A cobbler japonica ) leaves were extracted with 80% acetone three times at room temperature, filtered and concentrated under reduced pressure to obtain 430 g of the extract. The extract was then suspended in H ₂ O and then filtered through Celite to separate the water soluble layer (282.43 g) and the water insoluble layer (127.67 g) The water-soluble layer (282.43 g) was divided into 8 fractions by Sephadex LH-20 column chromatography (0 → 100% MeOH, gradient system). These fractions showed excellent antioxidant activity. 7 (27.25 g) and 8 (57.43 g) were subjected to YMC-gel ODS-A (40% → 100% MeOH, gradient system) and Sephadex LH-20 column chromatography (20% → 100% MeOH, gradient system) , Compound 1 (5.5 g) was obtained through repeated purification using MCI-gel CHP-20P (0 → 100% MeOH, gradient system).
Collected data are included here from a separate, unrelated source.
(* Let $A$ and $B$ be rings, $f: A\to B$ a ring homomorphism and $J$ a proper ideal of $B$. Let $S$ be the set of regular central elements of $B$ (central elements that are not zero divisors), and assume $J\cap S\neq\varnothing$. Then $A\bowtie^{f}J$ is a nil-Armendariz ring if and only if both $A$ and $f(A)+J$ are nil-Armendariz rings.
   Context: All rings are associative with identity (not necessarily commutative), ring homomorphisms are unital, and ideals are two-sided. $\mathrm{nil}(R)$ denotes the set of nilpotent elements of a ring $R$, and $\mathrm{nil}(R)[x]$ the set of polynomials all of whose coefficients lie in $\mathrm{nil}(R)$. For a ring homomorphism $f:A\to B$ and an ideal $J$ of $B$, the amalgamation is the subring $A\bowtie^{f}J=\{(a,f(a)+j)\mid a\in A,\ j\in J\}$ of $A\times B$; $f(A)+J=\{f(a)+j: a\in A, j\in J\}$ is a subring of $B$. A ring $R$ is nil-Armendariz if whenever $p(x)=\sum_{i=0}^n a_ix^i$ and $q(x)=\sum_{j=0}^m b_jx^j$ in $R[x]$ satisfy $p(x)q(x)\in\mathrm{nil}(R)[x]$, then $a_ib_j\in\mathrm{nil}(R)$ for all $i,j$. *)

theory Defs
  imports Main "HOL-Library.Product_Plus"
begin

instantiation prod :: (one, one) one
begin
definition one_prod_def: "1 = (1, 1)"
instance ..
end

instantiation prod :: (times, times) times
begin
definition times_prod_def: "x * y = (fst x * fst y, snd x * snd y)"
instance ..
end

instance prod :: (ring_1, ring_1) ring_1
  by standard (auto simp: one_prod_def times_prod_def zero_prod_def plus_prod_def
      algebra_simps prod_eq_iff)

definition nilpotent :: "'a::ring_1 \<Rightarrow> bool" where
  "nilpotent x \<longleftrightarrow> (\<exists>k::nat. x ^ k = 0)"

definition ring_hom :: "('a::ring_1 \<Rightarrow> 'b::ring_1) \<Rightarrow> bool" where
  "ring_hom f \<longleftrightarrow> f 1 = 1 \<and> (\<forall>x y. f (x + y) = f x + f y) \<and> (\<forall>x y. f (x * y) = f x * f y)"

definition two_sided_ideal :: "'a::ring_1 set \<Rightarrow> bool" where
  "two_sided_ideal J \<longleftrightarrow> 0 \<in> J \<and> (\<forall>x\<in>J. \<forall>y\<in>J. x + y \<in> J) \<and> (\<forall>x\<in>J. - x \<in> J)
     \<and> (\<forall>r x. x \<in> J \<longrightarrow> r * x \<in> J \<and> x * r \<in> J)"

definition regular_central :: "'a::ring_1 \<Rightarrow> bool" where
  "regular_central s \<longleftrightarrow> (\<forall>x. s * x = x * s) \<and> (\<forall>x. s * x = 0 \<longrightarrow> x = 0) \<and> (\<forall>x. x * s = 0 \<longrightarrow> x = 0)"

text \<open>Amalgamation A \<bowtie>^f J (A is the whole type 'a), and the subring f(A)+J of B.\<close>
definition amalg :: "('a::ring_1 \<Rightarrow> 'b::ring_1) \<Rightarrow> 'b set \<Rightarrow> ('a \<times> 'b) set" where
  "amalg f J = {(a, f a + j) | a j. j \<in> J}"

definition img_plus :: "('a::ring_1 \<Rightarrow> 'b::ring_1) \<Rightarrow> 'b set \<Rightarrow> 'b set" where
  "img_plus f J = {f a + j | a j. j \<in> J}"

text \<open>A polynomial of degree at most n with coefficients in R is given by a coefficient
  function a restricted to indices 0..n (polynomials over a noncommutative ring,
  the indeterminate commuting with coefficients). The product p q has k-th coefficient
  \<Sum>_{i+j=k} a_i b_j. Nilpotency in R coincides with nilpotency in the ambient ring.\<close>
definition nil_armendariz_on :: "'a::ring_1 set \<Rightarrow> bool" where
  "nil_armendariz_on R \<longleftrightarrow>
     (\<forall>(a::nat \<Rightarrow> 'a) n (b::nat \<Rightarrow> 'a) m.
        (\<forall>i\<le>n. a i \<in> R) \<and> (\<forall>j\<le>m. b j \<in> R) \<and>
        (\<forall>k\<le>n + m. nilpotent (\<Sum>i\<le>n. \<Sum>j\<le>m. if i + j = k then a i * b j else 0))
        \<longrightarrow> (\<forall>i\<le>n. \<forall>j\<le>m. nilpotent (a i * b j)))"

end

theory Submission
  imports Defs
begin

text \<open>Both components of \<open>A \<bowtie>\<^sup>f J\<close> inherit the nil-Armendariz property from it: \<open>A\<close> embeds
  diagonally via \<open>a \<mapsto> (a, f a)\<close>, and \<open>f(A) + J\<close> is carried into the ideal \<open>0 \<times> J\<close> by
  multiplication with a regular central element \<open>s \<in> J\<close>. Scaling both polynomials by \<open>s\<close>
  scales every coefficient of their product by \<open>s\<^sup>2\<close>, and multiplication by \<open>s\<close> neither creates
  nor destroys nilpotency. Conversely \<open>A \<bowtie>\<^sup>f J \<subseteq> A \<times> (f(A) + J)\<close>, and nilpotency in a
  product is componentwise.\<close>

definition mult_coeff :: "(nat \<Rightarrow> 'a::ring_1) \<Rightarrow> nat \<Rightarrow> (nat \<Rightarrow> 'a) \<Rightarrow> nat \<Rightarrow> nat \<Rightarrow> 'a" where
  "mult_coeff a n b m k = (\<Sum>i\<le>n. \<Sum>j\<le>m. if i + j = k then a i * b j else 0)"

lemma nil_armendariz_onI:
  assumes "\<And>a n b m i j. \<forall>i\<le>n. a i \<in> R \<Longrightarrow> \<forall>j\<le>m. b j \<in> R \<Longrightarrow>
             \<forall>k\<le>n + m. nilpotent (mult_coeff a n b m k) \<Longrightarrow> i \<le> n \<Longrightarrow> j \<le> m \<Longrightarrow>
             nilpotent (a i * b j)"
  shows "nil_armendariz_on R"
  using assms unfolding nil_armendariz_on_def mult_coeff_def by blast

lemma nil_armendariz_onD:
  assumes "nil_armendariz_on R" "\<forall>i\<le>n. a i \<in> R" "\<forall>j\<le>m. b j \<in> R"
    "\<forall>k\<le>n + m. nilpotent (mult_coeff a n b m k)" "i \<le> n" "j \<le> m"
  shows "nilpotent (a i * b j)"
  using assms unfolding nil_armendariz_on_def mult_coeff_def by blast

lemma nil_armendariz_on_subset:
  "S \<subseteq> R \<Longrightarrow> nil_armendariz_on R \<Longrightarrow> nil_armendariz_on S"
  unfolding nil_armendariz_on_def by blast

lemma power_eq_0_mono: "(x::'a::ring_1) ^ k = 0 \<Longrightarrow> k \<le> l \<Longrightarrow> x ^ l = 0"
  by (metis le_add_diff_inverse mult_zero_left power_add)

lemma fst_power: "fst ((p::'a::ring_1 \<times> 'b::ring_1) ^ k) = fst p ^ k"
  by (induction k) (auto simp: one_prod_def times_prod_def)

lemma snd_power: "snd ((p::'a::ring_1 \<times> 'b::ring_1) ^ k) = snd p ^ k"
  by (induction k) (auto simp: one_prod_def times_prod_def)

lemma nilpotent_prod_iff:
  "nilpotent (p::'a::ring_1 \<times> 'b::ring_1) \<longleftrightarrow> nilpotent (fst p) \<and> nilpotent (snd p)"
proof
  assume "nilpotent p"
  then show "nilpotent (fst p) \<and> nilpotent (snd p)"
    unfolding nilpotent_def by (metis fst_power snd_power fst_zero snd_zero)
next
  assume "nilpotent (fst p) \<and> nilpotent (snd p)"
  then obtain k l where "fst p ^ k = 0" "snd p ^ l = 0"
    unfolding nilpotent_def by blast
  then have "fst p ^ max k l = 0" "snd p ^ max k l = 0"
    by (auto intro: power_eq_0_mono)
  then have "p ^ max k l = 0"
    by (simp add: prod_eq_iff fst_power snd_power)
  then show "nilpotent p"
    unfolding nilpotent_def by blast
qed

lemma central_power_mult:
  assumes "\<forall>y. s * y = y * s"
  shows "(s * x) ^ k = s ^ k * (x::'a::ring_1) ^ k"
proof (induction k)
  case (Suc k)
  have "s ^ k * x = x * s ^ k"
    using assms by (simp add: power_commuting_commutes)
  then have "s * x * (s ^ k * x ^ k) = s * s ^ k * (x * x ^ k)"
    by (metis mult.assoc)
  with Suc show ?case
    by simp
qed simp

lemma regular_central_power_cancel:
  assumes "regular_central s"
  shows "s ^ k * (x::'a::ring_1) = 0 \<Longrightarrow> x = 0"
proof (induction k)
  case (Suc k)
  have "\<And>y. s * y = 0 \<Longrightarrow> y = 0"
    using assms unfolding regular_central_def by blast
  with Suc show ?case
    by (simp add: mult.assoc)
qed simp

lemma nilpotent_mult_regular_central_iff:
  assumes "regular_central s"
  shows "nilpotent (s * (x::'a::ring_1)) \<longleftrightarrow> nilpotent x"
proof -
  have "\<forall>y. s * y = y * s"
    using assms unfolding regular_central_def by blast
  then have "(s * x) ^ k = 0 \<longleftrightarrow> x ^ k = 0" for k
    using regular_central_power_cancel[OF assms, of k "x ^ k"] central_power_mult by fastforce
  then show ?thesis
    unfolding nilpotent_def by blast
qed

definition rng_hom :: "('a::ring_1 \<Rightarrow> 'b::ring_1) \<Rightarrow> bool" where
  "rng_hom h \<longleftrightarrow> (\<forall>x y. h (x + y) = h x + h y) \<and> (\<forall>x y. h (x * y) = h x * h y)"

lemma rng_hom_add: "rng_hom h \<Longrightarrow> h (x + y) = h x + h y"
  and rng_hom_mult: "rng_hom h \<Longrightarrow> h (x * y) = h x * h y"
  unfolding rng_hom_def by blast+

lemma rng_hom_zero: "rng_hom h \<Longrightarrow> h 0 = 0"
  by (metis add_0 add_cancel_right_right rng_hom_add)

lemma rng_hom_sum: "rng_hom h \<Longrightarrow> h (sum g A) = (\<Sum>x\<in>A. h (g x))"
  by (induction A rule: infinite_finite_induct) (auto simp: rng_hom_zero rng_hom_add)

lemma rng_hom_power_Suc: "rng_hom h \<Longrightarrow> h (x ^ Suc k) = h x ^ Suc k"
  by (induction k) (auto simp: rng_hom_mult)

lemma rng_hom_nilpotent: "rng_hom h \<Longrightarrow> nilpotent x \<Longrightarrow> nilpotent (h x)"
  unfolding nilpotent_def
  by (metis power_eq_0_mono le_SucI order_refl rng_hom_power_Suc rng_hom_zero)

lemma rng_hom_mult_coeff:
  "rng_hom h \<Longrightarrow> h (mult_coeff a n b m k) = mult_coeff (h \<circ> a) n (h \<circ> b) m k"
  unfolding mult_coeff_def
  by (simp add: rng_hom_sum rng_hom_zero rng_hom_mult if_distrib cong: if_cong)

lemma ring_hom_imp_rng_hom: "ring_hom f \<Longrightarrow> rng_hom f"
  unfolding ring_hom_def rng_hom_def by blast

lemma rng_hom_fst: "rng_hom (fst :: 'a::ring_1 \<times> 'b::ring_1 \<Rightarrow> 'a)"
  and rng_hom_snd: "rng_hom (snd :: 'a::ring_1 \<times> 'b::ring_1 \<Rightarrow> 'b)"
  unfolding rng_hom_def by (simp_all add: times_prod_def)

lemma rng_hom_graph: "ring_hom f \<Longrightarrow> rng_hom (\<lambda>x. (x, f x))"
  unfolding ring_hom_def rng_hom_def by (simp add: times_prod_def)

lemma rng_hom_Pair_zero: "rng_hom (\<lambda>y::'b::ring_1. (0::'a::ring_1, y))"
  unfolding rng_hom_def by (simp add: times_prod_def)

lemma nil_armendariz_on_rng_hom_pullback:
  assumes "rng_hom h" "h ` S \<subseteq> R" "\<And>x. nilpotent (h x) \<Longrightarrow> nilpotent x"
    and "nil_armendariz_on R"
  shows "nil_armendariz_on S"
proof (rule nil_armendariz_onI)
  fix a n b m i j
  assume a: "\<forall>i\<le>n. a i \<in> S" and b: "\<forall>j\<le>m. b j \<in> S"
    and coeff: "\<forall>k\<le>n + m. nilpotent (mult_coeff a n b m k)" and "i \<le> n" "j \<le> m"
  have "\<forall>k\<le>n + m. nilpotent (mult_coeff (h \<circ> a) n (h \<circ> b) m k)"
    using coeff rng_hom_nilpotent[OF assms(1)] unfolding rng_hom_mult_coeff[OF assms(1), symmetric]
    by blast
  moreover have "\<forall>i\<le>n. (h \<circ> a) i \<in> R" "\<forall>j\<le>m. (h \<circ> b) j \<in> R"
    using a b assms(2) by auto
  ultimately have "nilpotent ((h \<circ> a) i * (h \<circ> b) j)"
    using nil_armendariz_onD[OF assms(4)] \<open>i \<le> n\<close> \<open>j \<le> m\<close> by blast
  then show "nilpotent (a i * b j)"
    using assms(3) by (simp add: rng_hom_mult[OF assms(1)])
qed

lemma mult_coeff_scale:
  assumes "\<forall>y. s * y = y * s"
  shows "mult_coeff (\<lambda>i. s * a i) n (\<lambda>j. s * b j) m k = s * (s * mult_coeff a n b m k)"
proof -
  have "s * x * (s * y) = s * (s * (x * y))" for x y
    using assms by (metis mult.assoc)
  then show ?thesis
    unfolding mult_coeff_def sum_distrib_left by (simp add: if_distrib cong: if_cong)
qed

lemma nil_armendariz_on_scale:
  assumes "regular_central s" "(\<lambda>x. s * x) ` S \<subseteq> R" "nil_armendariz_on R"
  shows "nil_armendariz_on S"
proof (rule nil_armendariz_onI)
  fix a n b m i j
  assume a: "\<forall>i\<le>n. a i \<in> S" and b: "\<forall>j\<le>m. b j \<in> S"
    and coeff: "\<forall>k\<le>n + m. nilpotent (mult_coeff a n b m k)" and "i \<le> n" "j \<le> m"
  have central: "\<forall>y. s * y = y * s"
    using assms(1) unfolding regular_central_def by blast
  have "\<forall>k\<le>n + m. nilpotent (mult_coeff (\<lambda>i. s * a i) n (\<lambda>j. s * b j) m k)"
    using coeff by (simp add: mult_coeff_scale[OF central] nilpotent_mult_regular_central_iff assms(1))
  moreover have "\<forall>i\<le>n. s * a i \<in> R" "\<forall>j\<le>m. s * b j \<in> R"
    using a b assms(2) by auto
  ultimately have "nilpotent (s * a i * (s * b j))"
    using nil_armendariz_onD[OF assms(3), where a = "\<lambda>i. s * a i" and b = "\<lambda>j. s * b j"]
      \<open>i \<le> n\<close> \<open>j \<le> m\<close> by blast
  moreover have "s * a i * (s * b j) = s * (s * (a i * b j))"
    using central by (metis mult.assoc)
  ultimately show "nilpotent (a i * b j)"
    by (simp add: nilpotent_mult_regular_central_iff assms(1))
qed

lemma nil_armendariz_on_Times:
  assumes "nil_armendariz_on R" "nil_armendariz_on T"
  shows "nil_armendariz_on (R \<times> T)"
proof (rule nil_armendariz_onI)
  fix a :: "nat \<Rightarrow> 'a \<times> 'b" and n b m i j
  assume "\<forall>i\<le>n. a i \<in> R \<times> T" "\<forall>j\<le>m. b j \<in> R \<times> T"
    and coeff: "\<forall>k\<le>n + m. nilpotent (mult_coeff a n b m k)" and "i \<le> n" "j \<le> m"
  moreover have "\<forall>k\<le>n + m. nilpotent (mult_coeff (fst \<circ> a) n (fst \<circ> b) m k)
      \<and> nilpotent (mult_coeff (snd \<circ> a) n (snd \<circ> b) m k)"
    using coeff by (simp add: nilpotent_prod_iff flip: rng_hom_mult_coeff[OF rng_hom_fst]
        rng_hom_mult_coeff[OF rng_hom_snd])
  ultimately have "nilpotent (fst (a i) * fst (b j))" "nilpotent (snd (a i) * snd (b j))"
    using nil_armendariz_onD[OF assms(1), of n "fst \<circ> a" m "fst \<circ> b"]
      nil_armendariz_onD[OF assms(2), of n "snd \<circ> a" m "snd \<circ> b"] by (auto simp: mem_Times_iff)
  then show "nilpotent (a i * b j)"
    by (simp add: nilpotent_prod_iff times_prod_def)
qed

lemma amalg_subset_Times: "amalg f J \<subseteq> UNIV \<times> img_plus f J"
  unfolding amalg_def img_plus_def by auto

lemma graph_mem_amalg: "0 \<in> J \<Longrightarrow> (a, f a) \<in> amalg f J"
  unfolding amalg_def by force

lemma Pair_zero_mem_amalg: "ring_hom f \<Longrightarrow> j \<in> J \<Longrightarrow> (0, j) \<in> amalg f J"
  unfolding amalg_def using rng_hom_zero[OF ring_hom_imp_rng_hom] by force

theorem theorem3p1:
  fixes f :: "'a::ring_1 \<Rightarrow> 'b::ring_1" and J :: "'b set"
  assumes "ring_hom f"
    and "two_sided_ideal J"
    and "J \<noteq> UNIV"
    and "J \<inter> {s. regular_central s} \<noteq> {}"
  shows "nil_armendariz_on (amalg f J) \<longleftrightarrow>
           nil_armendariz_on (UNIV :: 'a set) \<and> nil_armendariz_on (img_plus f J)"
proof
  assume amalg: "nil_armendariz_on (amalg f J)"
  obtain s where "s \<in> J" "regular_central s"
    using assms(4) by blast
  have "0 \<in> J" "\<And>x. s * x \<in> J"
    using assms(2) \<open>s \<in> J\<close> unfolding two_sided_ideal_def by auto
  have "nil_armendariz_on J"
    using nil_armendariz_on_rng_hom_pullback[OF rng_hom_Pair_zero _ _ amalg]
      Pair_zero_mem_amalg[OF assms(1)] by (auto simp: nilpotent_prod_iff)
  then have "nil_armendariz_on (img_plus f J)"
    using nil_armendariz_on_scale[OF \<open>regular_central s\<close>] \<open>\<And>x. s * x \<in> J\<close> by blast
  moreover have "nil_armendariz_on (UNIV :: 'a set)"
    using nil_armendariz_on_rng_hom_pullback[OF rng_hom_graph[OF assms(1)] _ _ amalg]
      graph_mem_amalg[OF \<open>0 \<in> J\<close>] by (auto simp: nilpotent_prod_iff)
  ultimately show "nil_armendariz_on (UNIV :: 'a set) \<and> nil_armendariz_on (img_plus f J)"
    by blast
next
  assume "nil_armendariz_on (UNIV :: 'a set) \<and> nil_armendariz_on (img_plus f J)"
  then show "nil_armendariz_on (amalg f J)"
    using nil_armendariz_on_subset[OF amalg_subset_Times] nil_armendariz_on_Times by blast
qed

end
Example  2. Identification of compound structure

¹ H and ¹³ C-NMR spectra of the compound 1 obtained in Example 1 were measured, and the results are as follows.

(1) Compound 1: Camptothin A (1) (Amorphous yellowish white powder)

¹ H-NMR (600 MHz, Acetone- d ₆ + D ₂ O): δ _H 7.03-7.09 (each s, val-H _C H-each of four form), 6.95, 6.92, 6.91, 6.91 (2H, each s, gal-H of each four form), 7.02, 7.01, 6.97, 6.67, 6.67, 6.64, 6.64 ( each s, HHDP-H of each four form), 6.64, 6.63, 6.62, 6.62 (each s, val-H A (each s, HHDP-H of each four form), 6.24, 6.24, 6.21, 6.21 (each s, val-H _B of each four form), 5.78, 5.77 (each t, J = 10.2 Hz, H-3 L of α - α, α - β form), 5.46, 5.41 (each t, J = 10.2 Hz, H-3 L of β - α, β - β form ), 5.36, 5.35 (each t, J = 10.2 Hz, H-3 R of α - α, β - α form), 5.26, 5.24 (each t, J = 3.6 Hz, H _{-1 R of α - α, β} - α form), 5.24-5.22 (each t, J = 3.6 Hz, H-3 R of α - β, β - β form), 5.22, 5.20 (each t, J = 3.6 Hz, H-1 _L of, α - α , α - β form), 5.26-5.20, 5.23-5.18 (complicated peaks, H-6a _L and H-6a _R (each dd, J = 7.8, 9.6 Hz, H-2 _L of each four form), 5.09-5.00 (complicated peaks, H-4 _L of each four form), 4.93-4.83 (each t, J = 10.2 Hz , H-4 R of each four form), 4.85, 4.71 (each d, J = 7.8 Hz, H-1 R of α - β, β - β form), 4.85, 4.73, 4.58, 4.51 (each m, H -5 L of each four form), 4.48, 4.44 (each d, J = 7.8 Hz, H-1 L of β - α, β - β form), 4.38, 4.21, 4.16, 4.05 (each m, H-5 R of each four form), 3.86-3.71 (each dd, J = 1.2, 12.0 Hz, H-6b L and H-6b _R of each four form), 3.58, 3.53 (each dd, J = 7.8, 9.0 Hz, H-2 _R of each four form).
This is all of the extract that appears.